- Aim of the exercise
Below are the records; tally the lines in them that include the word "mathcal" and reply with the number alone.

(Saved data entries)
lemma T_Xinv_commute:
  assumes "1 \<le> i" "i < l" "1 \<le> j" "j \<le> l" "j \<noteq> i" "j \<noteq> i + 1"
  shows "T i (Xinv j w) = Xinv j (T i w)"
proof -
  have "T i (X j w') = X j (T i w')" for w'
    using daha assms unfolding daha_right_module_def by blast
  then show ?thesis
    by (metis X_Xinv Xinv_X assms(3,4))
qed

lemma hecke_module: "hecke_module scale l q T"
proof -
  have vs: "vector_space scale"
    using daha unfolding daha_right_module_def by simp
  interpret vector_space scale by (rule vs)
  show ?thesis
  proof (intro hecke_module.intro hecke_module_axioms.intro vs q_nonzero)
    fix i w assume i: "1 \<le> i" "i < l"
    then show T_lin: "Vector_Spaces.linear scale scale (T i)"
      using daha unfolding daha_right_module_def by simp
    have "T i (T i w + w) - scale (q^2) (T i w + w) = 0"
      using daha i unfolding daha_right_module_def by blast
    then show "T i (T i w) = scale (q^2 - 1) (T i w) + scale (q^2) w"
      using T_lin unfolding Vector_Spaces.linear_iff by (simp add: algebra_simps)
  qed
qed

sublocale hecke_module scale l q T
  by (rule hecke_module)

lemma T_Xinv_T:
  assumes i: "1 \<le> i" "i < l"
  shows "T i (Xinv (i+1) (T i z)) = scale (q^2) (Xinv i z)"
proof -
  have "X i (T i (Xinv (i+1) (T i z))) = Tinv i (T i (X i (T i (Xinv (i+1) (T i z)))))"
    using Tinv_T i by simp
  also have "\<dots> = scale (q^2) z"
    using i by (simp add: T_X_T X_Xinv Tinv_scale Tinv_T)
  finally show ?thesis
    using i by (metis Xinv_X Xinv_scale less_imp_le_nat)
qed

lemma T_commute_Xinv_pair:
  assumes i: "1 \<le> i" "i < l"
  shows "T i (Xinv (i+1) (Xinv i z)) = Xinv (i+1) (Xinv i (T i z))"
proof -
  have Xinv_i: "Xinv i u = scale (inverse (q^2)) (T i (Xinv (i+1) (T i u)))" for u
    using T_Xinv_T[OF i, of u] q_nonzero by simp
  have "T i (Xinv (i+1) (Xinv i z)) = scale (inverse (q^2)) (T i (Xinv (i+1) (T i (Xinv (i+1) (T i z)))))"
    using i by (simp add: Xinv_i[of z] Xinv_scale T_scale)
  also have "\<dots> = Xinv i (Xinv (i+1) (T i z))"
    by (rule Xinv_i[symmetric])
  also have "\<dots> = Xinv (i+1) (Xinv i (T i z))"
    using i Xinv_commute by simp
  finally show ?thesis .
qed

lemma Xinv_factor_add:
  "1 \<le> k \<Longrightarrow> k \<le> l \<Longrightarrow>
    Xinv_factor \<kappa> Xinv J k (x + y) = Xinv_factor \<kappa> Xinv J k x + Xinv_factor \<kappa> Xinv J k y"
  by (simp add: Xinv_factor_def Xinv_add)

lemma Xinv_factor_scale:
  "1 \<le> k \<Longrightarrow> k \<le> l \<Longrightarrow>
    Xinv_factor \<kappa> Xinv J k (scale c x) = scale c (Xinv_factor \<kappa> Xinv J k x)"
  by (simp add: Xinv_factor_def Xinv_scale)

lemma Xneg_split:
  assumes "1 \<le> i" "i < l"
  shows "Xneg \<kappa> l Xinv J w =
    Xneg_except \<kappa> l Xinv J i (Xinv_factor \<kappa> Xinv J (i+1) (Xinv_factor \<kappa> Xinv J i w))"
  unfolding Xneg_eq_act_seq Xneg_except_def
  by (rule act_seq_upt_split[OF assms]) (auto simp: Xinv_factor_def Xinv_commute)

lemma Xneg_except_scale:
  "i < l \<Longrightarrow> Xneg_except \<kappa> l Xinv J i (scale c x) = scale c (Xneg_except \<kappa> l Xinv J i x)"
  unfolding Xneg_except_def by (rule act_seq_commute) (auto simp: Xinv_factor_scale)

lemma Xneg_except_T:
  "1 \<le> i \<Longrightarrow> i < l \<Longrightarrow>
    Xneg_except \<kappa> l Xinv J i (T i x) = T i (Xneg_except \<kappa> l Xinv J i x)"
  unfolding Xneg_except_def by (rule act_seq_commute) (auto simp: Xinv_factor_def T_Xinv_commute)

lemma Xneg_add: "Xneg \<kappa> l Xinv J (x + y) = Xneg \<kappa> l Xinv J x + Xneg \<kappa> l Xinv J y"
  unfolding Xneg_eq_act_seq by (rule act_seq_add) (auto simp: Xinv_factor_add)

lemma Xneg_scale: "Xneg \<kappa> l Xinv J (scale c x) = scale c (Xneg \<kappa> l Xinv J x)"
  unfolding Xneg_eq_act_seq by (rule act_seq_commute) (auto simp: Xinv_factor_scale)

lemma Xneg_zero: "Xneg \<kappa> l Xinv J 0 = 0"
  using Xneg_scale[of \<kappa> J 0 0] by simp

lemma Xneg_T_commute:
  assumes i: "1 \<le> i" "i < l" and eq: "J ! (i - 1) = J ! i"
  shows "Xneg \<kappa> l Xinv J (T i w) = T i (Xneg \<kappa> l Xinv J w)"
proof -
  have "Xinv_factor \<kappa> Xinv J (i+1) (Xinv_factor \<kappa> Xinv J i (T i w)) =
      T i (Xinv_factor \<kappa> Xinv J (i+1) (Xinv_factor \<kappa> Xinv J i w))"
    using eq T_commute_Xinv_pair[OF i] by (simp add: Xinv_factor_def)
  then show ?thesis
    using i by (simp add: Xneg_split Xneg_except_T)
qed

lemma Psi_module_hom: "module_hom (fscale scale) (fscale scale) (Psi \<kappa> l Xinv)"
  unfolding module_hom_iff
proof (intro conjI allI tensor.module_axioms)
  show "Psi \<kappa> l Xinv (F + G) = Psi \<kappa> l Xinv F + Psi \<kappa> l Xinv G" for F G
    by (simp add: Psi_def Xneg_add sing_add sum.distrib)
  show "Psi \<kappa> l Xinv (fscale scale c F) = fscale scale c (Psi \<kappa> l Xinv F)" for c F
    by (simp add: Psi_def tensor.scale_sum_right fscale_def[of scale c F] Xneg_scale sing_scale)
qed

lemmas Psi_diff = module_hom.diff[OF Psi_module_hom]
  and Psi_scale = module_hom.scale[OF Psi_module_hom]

==

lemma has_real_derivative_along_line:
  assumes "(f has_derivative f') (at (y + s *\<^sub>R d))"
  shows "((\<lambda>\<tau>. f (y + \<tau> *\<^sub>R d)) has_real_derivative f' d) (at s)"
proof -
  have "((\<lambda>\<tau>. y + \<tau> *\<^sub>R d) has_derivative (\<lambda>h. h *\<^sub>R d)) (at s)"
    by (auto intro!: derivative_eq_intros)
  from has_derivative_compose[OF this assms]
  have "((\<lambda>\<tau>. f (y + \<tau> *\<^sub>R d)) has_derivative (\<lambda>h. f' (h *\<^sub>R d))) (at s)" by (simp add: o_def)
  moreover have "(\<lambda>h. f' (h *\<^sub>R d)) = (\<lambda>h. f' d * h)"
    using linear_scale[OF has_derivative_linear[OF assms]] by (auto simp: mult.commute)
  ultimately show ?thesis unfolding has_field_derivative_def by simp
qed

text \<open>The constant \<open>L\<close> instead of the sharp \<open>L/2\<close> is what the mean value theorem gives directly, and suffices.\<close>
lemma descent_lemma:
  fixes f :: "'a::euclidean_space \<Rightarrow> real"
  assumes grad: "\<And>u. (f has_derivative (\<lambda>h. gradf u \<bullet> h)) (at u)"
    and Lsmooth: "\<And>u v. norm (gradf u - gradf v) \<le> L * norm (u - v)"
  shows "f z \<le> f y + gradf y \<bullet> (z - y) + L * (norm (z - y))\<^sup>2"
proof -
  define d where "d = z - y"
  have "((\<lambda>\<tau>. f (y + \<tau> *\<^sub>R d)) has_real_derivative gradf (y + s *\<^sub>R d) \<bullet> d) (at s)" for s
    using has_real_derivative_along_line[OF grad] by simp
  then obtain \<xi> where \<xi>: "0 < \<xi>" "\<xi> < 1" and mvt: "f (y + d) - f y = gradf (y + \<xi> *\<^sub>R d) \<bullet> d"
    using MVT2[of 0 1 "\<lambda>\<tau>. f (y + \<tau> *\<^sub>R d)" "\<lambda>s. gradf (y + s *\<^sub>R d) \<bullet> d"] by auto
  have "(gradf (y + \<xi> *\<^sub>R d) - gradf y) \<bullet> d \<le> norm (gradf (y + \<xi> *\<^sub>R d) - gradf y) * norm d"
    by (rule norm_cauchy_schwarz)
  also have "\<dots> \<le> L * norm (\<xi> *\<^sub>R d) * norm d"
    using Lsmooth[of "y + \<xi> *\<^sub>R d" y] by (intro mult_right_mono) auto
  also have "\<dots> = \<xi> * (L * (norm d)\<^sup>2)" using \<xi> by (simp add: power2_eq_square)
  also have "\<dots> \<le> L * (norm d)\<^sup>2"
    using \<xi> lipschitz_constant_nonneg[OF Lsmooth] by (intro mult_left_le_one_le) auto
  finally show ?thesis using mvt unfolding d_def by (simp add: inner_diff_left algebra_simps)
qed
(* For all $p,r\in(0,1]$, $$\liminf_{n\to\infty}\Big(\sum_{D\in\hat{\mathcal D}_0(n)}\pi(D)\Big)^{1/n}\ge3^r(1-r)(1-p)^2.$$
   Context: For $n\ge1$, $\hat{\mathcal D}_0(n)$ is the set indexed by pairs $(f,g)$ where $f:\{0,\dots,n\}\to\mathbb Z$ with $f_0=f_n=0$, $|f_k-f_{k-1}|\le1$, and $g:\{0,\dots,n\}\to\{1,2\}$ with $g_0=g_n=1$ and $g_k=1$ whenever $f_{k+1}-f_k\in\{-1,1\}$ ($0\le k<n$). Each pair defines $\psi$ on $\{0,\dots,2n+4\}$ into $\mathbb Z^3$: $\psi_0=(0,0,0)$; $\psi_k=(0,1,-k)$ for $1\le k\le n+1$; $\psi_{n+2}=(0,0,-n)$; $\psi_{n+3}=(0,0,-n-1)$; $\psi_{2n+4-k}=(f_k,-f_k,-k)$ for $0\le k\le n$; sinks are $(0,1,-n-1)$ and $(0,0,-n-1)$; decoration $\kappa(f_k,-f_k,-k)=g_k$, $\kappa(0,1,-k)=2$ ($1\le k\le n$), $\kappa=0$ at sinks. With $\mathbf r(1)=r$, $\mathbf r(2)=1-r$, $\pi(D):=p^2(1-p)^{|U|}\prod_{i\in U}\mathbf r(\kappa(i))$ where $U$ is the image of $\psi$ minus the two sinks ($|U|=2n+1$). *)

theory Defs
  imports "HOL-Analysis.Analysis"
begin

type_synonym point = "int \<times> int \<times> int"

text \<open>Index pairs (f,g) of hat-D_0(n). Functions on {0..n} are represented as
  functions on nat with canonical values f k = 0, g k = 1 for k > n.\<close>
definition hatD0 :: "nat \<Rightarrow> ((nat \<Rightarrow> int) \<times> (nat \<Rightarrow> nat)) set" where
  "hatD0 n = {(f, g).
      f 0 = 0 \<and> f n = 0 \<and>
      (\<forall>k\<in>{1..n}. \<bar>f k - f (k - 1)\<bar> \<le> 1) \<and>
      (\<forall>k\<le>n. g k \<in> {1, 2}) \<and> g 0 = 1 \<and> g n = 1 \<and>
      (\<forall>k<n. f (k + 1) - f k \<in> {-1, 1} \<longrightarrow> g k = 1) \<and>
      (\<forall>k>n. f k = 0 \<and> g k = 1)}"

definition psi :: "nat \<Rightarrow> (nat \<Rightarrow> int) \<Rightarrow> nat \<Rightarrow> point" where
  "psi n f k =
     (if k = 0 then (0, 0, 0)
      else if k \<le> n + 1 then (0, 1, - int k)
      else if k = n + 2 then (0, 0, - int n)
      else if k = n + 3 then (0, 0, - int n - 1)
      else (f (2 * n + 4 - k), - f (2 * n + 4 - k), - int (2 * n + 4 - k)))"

- Exercise response
2